__Exercise details__.
Retrieve each line that contains the word "rule" from the entries below.

__Stored data__.
********
lemma spec_norm_set_eq:
  "{sqrt (\<Sum>i<p. (mat_vec q A v i)\<^sup>2) | v. (\<Sum>j<q. (v j)\<^sup>2) \<le> 1}
    = {L2_set (mat_vec q A v) {..<p} | v. L2_set v {..<q} \<le> 1}"
  by (simp add: L2_set_def)

lemma bdd_above_spec_norm_set:
  "bdd_above {L2_set (mat_vec q A v) {..<p} | v. L2_set v {..<q} \<le> 1}"
proof (rule bdd_aboveI)
  fix y assume "y \<in> {L2_set (mat_vec q A v) {..<p} | v. L2_set v {..<q} \<le> 1}"
  then obtain v where y: "y = L2_set (mat_vec q A v) {..<p}" and v: "L2_set v {..<q} \<le> 1"
    by blast
  have "\<bar>v j\<bar> \<le> 1" if "j < q" for j
    using abs_le_L2_set[of "{..<q}" j v] that v by simp
  then show "y \<le> L2_set (\<lambda>i. \<Sum>j<q. \<bar>A i j\<bar>) {..<p}"
    unfolding y by (intro L2_set_mono_abs) (simp add: abs_mat_vec_le)
qed

lemma L2_set_mat_vec_le_spec_norm:
  "L2_set v {..<q} \<le> 1 \<Longrightarrow> L2_set (mat_vec q A v) {..<p} \<le> spec_norm p q A"
  unfolding spec_norm_def spec_norm_set_eq by (rule cSup_upper[OF _ bdd_above_spec_norm_set]) blast

lemma spec_norm_nonneg: "0 \<le> spec_norm p q A"
  using L2_set_mat_vec_le_spec_norm[of "\<lambda>_. 0" q A p] by (simp add: L2_set_def mat_vec_def)

lemma L2_set_mat_vec_le: "L2_set (mat_vec q A v) {..<p} \<le> spec_norm p q A * L2_set v {..<q}"
proof (cases "L2_set v {..<q} = 0")
  case True
  then have "mat_vec q A v i = 0" for i by (simp add: L2_set_eq_0_iff mat_vec_def)
  then show ?thesis using spec_norm_nonneg[of p q A] by (simp add: L2_set_0')
next
  case False
  define r where "r = L2_set v {..<q}"
  have r: "r > 0" using False L2_set_nonneg[of v "{..<q}"] unfolding r_def by linarith
  have "L2_set (\<lambda>j. v j / r) {..<q} = 1"
    using L2_set_left_distrib[of "1 / r" v "{..<q}"] r by (simp add: r_def)
  then have "L2_set (mat_vec q A (\<lambda>j. v j / r)) {..<p} \<le> spec_norm p q A"
    by (simp add: L2_set_mat_vec_le_spec_norm)
  then have "L2_set (mat_vec q A v) {..<p} / r \<le> spec_norm p q A"
    using L2_set_left_distrib[of "1 / r" "mat_vec q A v" "{..<p}"] r
    by (simp add: mat_vec_divide)
  then show ?thesis using r by (simp add: r_def divide_le_eq)
qed

lemma L2_dist_mat_vec_le:
  "L2_dist p (mat_vec q A u) (mat_vec q A v) \<le> spec_norm p q A * L2_dist q u v"
  unfolding L2_dist_def mat_vec_diff by (rule L2_set_mat_vec_le)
********
__Reply to the task__.
proof (rule bdd_aboveI)
  unfolding spec_norm_def spec_norm_set_eq by (rule cSup_upper[OF _ bdd_above_spec_norm_set]) blast
  unfolding L2_dist_def mat_vec_diff by (rule L2_set_mat_vec_le)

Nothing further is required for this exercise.